GIVEN RECORDS.
(* There exists a (computable) constant $\delta_0>0$ such that for every diagonal physical $Q=\operatorname{diag}(\lambda_1,\lambda_2,\lambda_3)$ with $-\tfrac13<\lambda_1\le\lambda_2\le\lambda_3<\tfrac23$, $\lambda_1+\lambda_2+\lambda_3=0$ and $\lambda_2+\tfrac13<\delta_0$, setting $\nu_1=-(2\mu_1+\mu_2)$, $\nu_2=-(\mu_1+2\mu_2)$ and $A(\phi)=\nu_1\cos^2\phi+\nu_2\sin^2\phi$, one has $$\frac1\pi\int_0^{2\pi}\frac{\mathrm d\phi}{A(\phi)}\le\int_{\mathbb S^2}e^{-\nu_1x^2-\nu_2y^2}\,\mathrm dS\le\frac{\pi^2}{4}\int_0^{2\pi}\frac{\mathrm d\phi}{A(\phi)},$$ $$\frac4{\pi^3}\int_0^{2\pi}\frac{\cos^2\phi}{A^2(\phi)}\,\mathrm d\phi\le\int_{\mathbb S^2}x^2e^{-\nu_1x^2-\nu_2y^2}\,\mathrm dS\le\frac{\pi^4}{16}\int_0^{2\pi}\frac{\cos^2\phi}{A^2(\phi)}\,\mathrm d\phi,$$ $$\frac4{\pi^3}\int_0^{2\pi}\frac{\sin^2\phi}{A^2(\phi)}\,\mathrm d\phi\le\int_{\mathbb S^2}y^2e^{-\nu_1x^2-\nu_2y^2}\,\mathrm dS\le\frac{\pi^4}{16}\int_0^{2\pi}\frac{\sin^2\phi}{A^2(\phi)}\,\mathrm d\phi.$$
   Context: Points of the unit sphere $\mathbb S^2$ are written $(x,y,z)$, and $\mathrm dS$ is surface measure. For a physical $Q$ (symmetric traceless with all eigenvalues in $(-\tfrac13,\tfrac23)$) the Ball–Majumdar potential is $f(Q)=\inf\int_{\mathbb S^2}\rho\ln\rho\,\mathrm dS$ over even probability densities $\rho$ with $\int(\mathbf n\otimes\mathbf n-\tfrac13I_3)\rho\,\mathrm dS=Q$. For diagonal physical $Q=\operatorname{diag}(\lambda_1,\lambda_2,\lambda_3)$ this infimum is attained by $\rho_Q(x,y,z)=\exp(\mu_1x^2+\mu_2y^2+\mu_3z^2)/Z$, $Z=\int_{\mathbb S^2}\exp(\mu_1x^2+\mu_2y^2+\mu_3z^2)\,\mathrm dS$, where the Lagrange multipliers $\mu_1,\mu_2,\mu_3\in\mathbb R$ satisfy $\mu_1+\mu_2+\mu_3=0$ and $\int x^2\rho_Q\,\mathrm dS=\lambda_1+\tfrac13$, $\int y^2\rho_Q\,\mathrm dS=\lambda_2+\tfrac13$, $\int z^2\rho_Q\,\mathrm dS=\lambda_3+\tfrac13$. *)

theory Defs
  imports "HOL-Analysis.Analysis"
begin

text \<open>Surface integral over the unit sphere S^2 with respect to surface measure dS,
  written out in spherical coordinates
  (x,y,z) = (sin t cos p, sin t sin p, cos t), dS = sin t dt dp,
  t in [0,pi], p in [0,2 pi].\<close>
definition S2_integral :: "(real \<Rightarrow> real \<Rightarrow> real \<Rightarrow> real) \<Rightarrow> real" where
  "S2_integral f =
     integral ({0..pi} \<times> {0..2*pi})
       (\<lambda>(t, p). f (sin t * cos p) (sin t * sin p) (cos t) * sin t)"

text \<open>Ball--Majumdar Lagrange multipliers for Q = diag(l1,l2,l3): m1+m2+m3 = 0 and
  the second moments of rho_Q = exp(m1 x^2 + m2 y^2 + m3 z^2)/Z are l_i + 1/3.\<close>
definition BM_multipliers :: "real \<Rightarrow> real \<Rightarrow> real \<Rightarrow> real \<Rightarrow> real \<Rightarrow> real \<Rightarrow> bool" where
  "BM_multipliers l1 l2 l3 m1 m2 m3 \<longleftrightarrow>
     (let Z = S2_integral (\<lambda>x y z. exp (m1 * x\<^sup>2 + m2 * y\<^sup>2 + m3 * z\<^sup>2)) in
       m1 + m2 + m3 = 0 \<and>
       S2_integral (\<lambda>x y z. x\<^sup>2 * exp (m1 * x\<^sup>2 + m2 * y\<^sup>2 + m3 * z\<^sup>2) / Z) = l1 + 1/3 \<and>
       S2_integral (\<lambda>x y z. y\<^sup>2 * exp (m1 * x\<^sup>2 + m2 * y\<^sup>2 + m3 * z\<^sup>2) / Z) = l2 + 1/3 \<and>
       S2_integral (\<lambda>x y z. z\<^sup>2 * exp (m1 * x\<^sup>2 + m2 * y\<^sup>2 + m3 * z\<^sup>2) / Z) = l3 + 1/3)"

end

theory Submission
  imports Defs
begin

(* In spherical coordinates exp (-\<nu>1 x^2 - \<nu>2 y^2) = exp (-A(\<phi>) sin^2 \<theta>), so each of the
   three sphere integrals is an integral over \<phi> of a meridian integral
   \<integral>_0^\<pi> (sin \<theta>)^k exp (-a sin^2 \<theta>) sin \<theta> d\<theta> at a = A(\<phi>), with k = 0 or 2.
   As sin^2 \<theta> = (1 - cos \<theta>)(1 + cos \<theta>) lies between the smaller factor and 2 (1 - cos \<theta>),
   the meridian integral is squeezed between integrals of exp (-c (1 \<plusminus> cos \<theta>)), which have
   closed forms; for a \<ge> 1 these are of order 1/a resp. 1/a^2.
   With \<delta>0 = 1/5 one gets \<nu>1, \<nu>2 \<ge> 1, hence A \<ge> 1: an integration by parts on the sphere
   gives <z^2> = <x^2> + 2 \<nu>1 <x^2 z^2> for the Ball-Majumdar density, so \<nu>1 < 1 would force
   \<lambda>3 + 1/3 \<le> 3 (\<lambda>1 + 1/3), impossible when \<lambda>1 + 1/3 \<le> \<lambda>2 + 1/3 < 1/5; likewise for \<nu>2. *)

lemma integral_of_real_derivative:
  fixes F f :: "real \<Rightarrow> real"
  assumes "a \<le> b" "\<And>x. x \<in> {a..b} \<Longrightarrow> (F has_real_derivative f x) (at x)"
  shows "integral {a..b} f = F b - F a"
proof (rule integral_unique, rule fundamental_theorem_of_calculus[OF assms(1)])
  show "(F has_vector_derivative f x) (at x within {a..b})" if "x \<in> {a..b}" for x
    using assms(2)[OF that]
    by (simp add: has_real_derivative_iff_has_vector_derivative[symmetric] has_field_derivative_at_within)
qed

lemma interval_times_interval:
  fixes a b c d :: real
  shows "{a..b} \<times> {c..d} = cbox (a, c) (b, d)"
  by (subst cbox_Pair_eq) (simp only: cbox_interval)

lemma integral_interval_times_interval:
  fixes f :: "real \<times> real \<Rightarrow> real"
  assumes "continuous_on ({a..b} \<times> {c..d}) f"
  shows "integral ({a..b} \<times> {c..d}) f = integral {a..b} (\<lambda>x. integral {c..d} (\<lambda>y. f (x, y)))"
  using integral_prod_continuous[of a c b d f] assms by (simp add: interval_times_interval)

lemma integral_interval_times_interval_swap:
  fixes f :: "real \<times> real \<Rightarrow> real"
  assumes "continuous_on ({a..b} \<times> {c..d}) f"
  shows "integral ({a..b} \<times> {c..d}) f = integral {c..d} (\<lambda>y. integral {a..b} (\<lambda>x. f (x, y)))"
  using integral_swap_continuous[of a c b d "\<lambda>x y. f (x, y)"] assms
    integral_interval_times_interval[OF assms]
  by (simp add: interval_times_interval cbox_interval)

lemma integral_fst_derivative_eq_0:
  fixes F f :: "real \<Rightarrow> real \<Rightarrow> real"
  assumes "a \<le> b" "continuous_on ({a..b} \<times> {c..d}) (\<lambda>(x, y). f x y)"
    and "\<And>x y. x \<in> {a..b} \<Longrightarrow> ((\<lambda>x. F x y) has_real_derivative f x y) (at x)"
    and "\<And>y. F a y = F b y"
  shows "integral ({a..b} \<times> {c..d}) (\<lambda>(x, y). f x y) = 0"
proof -
  have "integral {a..b} (\<lambda>x. f x y) = 0" for y
    using integral_of_real_derivative[of a b "\<lambda>x. F x y"] assms(1,3,4) by simp
  then show ?thesis
    using integral_interval_times_interval_swap[OF assms(2)] by simp
qed

lemma integral_snd_derivative_eq_0:
  fixes F f :: "real \<Rightarrow> real \<Rightarrow> real"
  assumes "c \<le> d" "continuous_on ({a..b} \<times> {c..d}) (\<lambda>(x, y). f x y)"
    and "\<And>x y. y \<in> {c..d} \<Longrightarrow> ((\<lambda>y. F x y) has_real_derivative f x y) (at y)"
    and "\<And>x. F x c = F x d"
  shows "integral ({a..b} \<times> {c..d}) (\<lambda>(x, y). f x y) = 0"
proof -
  have "integral {c..d} (\<lambda>y. f x y) = 0" for x
    using integral_of_real_derivative[of c d "\<lambda>y. F x y"] assms(1,3,4) by simp
  then show ?thesis
    using integral_interval_times_interval[OF assms(2)] by simp
qed

lemma integral_mono_continuous:
  fixes f g :: "real \<Rightarrow> real"
  assumes "continuous_on {a..b} f" "continuous_on {a..b} g" "\<And>x. x \<in> {a..b} \<Longrightarrow> f x \<le> g x"
  shows "integral {a..b} f \<le> integral {a..b} g"
  using assms by (intro integral_le integrable_continuous_interval) auto

lemma continuous_on_S2_integrand:
  fixes S :: "(real \<times> real) set"
  assumes "continuous_on UNIV (\<lambda>(x, y, z). f x y z)"
  shows "continuous_on S (\<lambda>(t, p). f (sin t * cos p) (sin t * sin p) (cos t) * sin t)"
proof -
  have "continuous_on S (\<lambda>v. (\<lambda>(x, y, z). f x y z)
      (sin (fst v) * cos (snd v), sin (fst v) * sin (snd v), cos (fst v)))"
    by (rule continuous_on_compose2[OF assms]) (auto intro!: continuous_intros)
  then show ?thesis
    by (auto simp: case_prod_unfold intro!: continuous_intros)
qed

lemma S2_integrand_integrable:
  assumes "continuous_on UNIV (\<lambda>(x, y, z). f x y z)"
  shows "(\<lambda>(t, p). f (sin t * cos p) (sin t * sin p) (cos t) * sin t) integrable_on {0..pi} \<times> {0..2*pi}"
  unfolding interval_times_interval by (rule integrable_continuous[OF continuous_on_S2_integrand[OF assms]])

lemma S2_integral_iterated:
  assumes "continuous_on UNIV (\<lambda>(x, y, z). f x y z)"
  shows "S2_integral f =
    integral {0..2*pi} (\<lambda>p. integral {0..pi} (\<lambda>t. f (sin t * cos p) (sin t * sin p) (cos t) * sin t))"
  unfolding S2_integral_def
  by (subst integral_interval_times_interval_swap[OF continuous_on_S2_integrand[OF assms]]) simp

lemma spherical_coordinates_on_sphere:
  fixes t p :: real
  shows "(sin t * cos p)\<^sup>2 + (sin t * sin p)\<^sup>2 + (cos t)\<^sup>2 = 1"
  by (simp add: power_mult_distrib flip: distrib_left)

lemma S2_integral_cong:
  assumes "\<And>x y z. x\<^sup>2 + y\<^sup>2 + z\<^sup>2 = 1 \<Longrightarrow> f x y z = g x y z"
  shows "S2_integral f = S2_integral g"
  unfolding S2_integral_def
  by (intro integral_cong) (auto simp: assms spherical_coordinates_on_sphere)

lemma S2_integral_cmult: "S2_integral (\<lambda>x y z. c * f x y z) = c * S2_integral f"
  unfolding S2_integral_def case_prod_unfold by (simp add: mult.assoc flip: integral_mult_right)

lemma S2_integral_diff:
  assumes "continuous_on UNIV (\<lambda>(x, y, z). f x y z)" "continuous_on UNIV (\<lambda>(x, y, z). g x y z)"
  shows "S2_integral (\<lambda>x y z. f x y z - g x y z) = S2_integral f - S2_integral g"
  unfolding S2_integral_def
  using integral_diff[OF S2_integrand_integrable[OF assms(1)] S2_integrand_integrable[OF assms(2)]]
  by (simp add: case_prod_unfold left_diff_distrib)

WORK REQUEST.
Repeat the line that contains "by (auto simp: case_prod_unfold", then every line after it until the records end, with nothing added.

SOLUTION FOR THIS EXERCISE.
    by (auto simp: case_prod_unfold intro!: continuous_intros)
qed

lemma S2_integrand_integrable:
  assumes "continuous_on UNIV (\<lambda>(x, y, z). f x y z)"
  shows "(\<lambda>(t, p). f (sin t * cos p) (sin t * sin p) (cos t) * sin t) integrable_on {0..pi} \<times> {0..2*pi}"
  unfolding interval_times_interval by (rule integrable_continuous[OF continuous_on_S2_integrand[OF assms]])

lemma S2_integral_iterated:
  assumes "continuous_on UNIV (\<lambda>(x, y, z). f x y z)"
  shows "S2_integral f =
    integral {0..2*pi} (\<lambda>p. integral {0..pi} (\<lambda>t. f (sin t * cos p) (sin t * sin p) (cos t) * sin t))"
  unfolding S2_integral_def
  by (subst integral_interval_times_interval_swap[OF continuous_on_S2_integrand[OF assms]]) simp

lemma spherical_coordinates_on_sphere:
  fixes t p :: real
  shows "(sin t * cos p)\<^sup>2 + (sin t * sin p)\<^sup>2 + (cos t)\<^sup>2 = 1"
  by (simp add: power_mult_distrib flip: distrib_left)

lemma S2_integral_cong:
  assumes "\<And>x y z. x\<^sup>2 + y\<^sup>2 + z\<^sup>2 = 1 \<Longrightarrow> f x y z = g x y z"
  shows "S2_integral f = S2_integral g"
  unfolding S2_integral_def
  by (intro integral_cong) (auto simp: assms spherical_coordinates_on_sphere)

lemma S2_integral_cmult: "S2_integral (\<lambda>x y z. c * f x y z) = c * S2_integral f"
  unfolding S2_integral_def case_prod_unfold by (simp add: mult.assoc flip: integral_mult_right)

lemma S2_integral_diff:
  assumes "continuous_on UNIV (\<lambda>(x, y, z). f x y z)" "continuous_on UNIV (\<lambda>(x, y, z). g x y z)"
  shows "S2_integral (\<lambda>x y z. f x y z - g x y z) = S2_integral f - S2_integral g"
  unfolding S2_integral_def
  using integral_diff[OF S2_integrand_integrable[OF assms(1)] S2_integrand_integrable[OF assms(2)]]
  by (simp add: case_prod_unfold left_diff_distrib)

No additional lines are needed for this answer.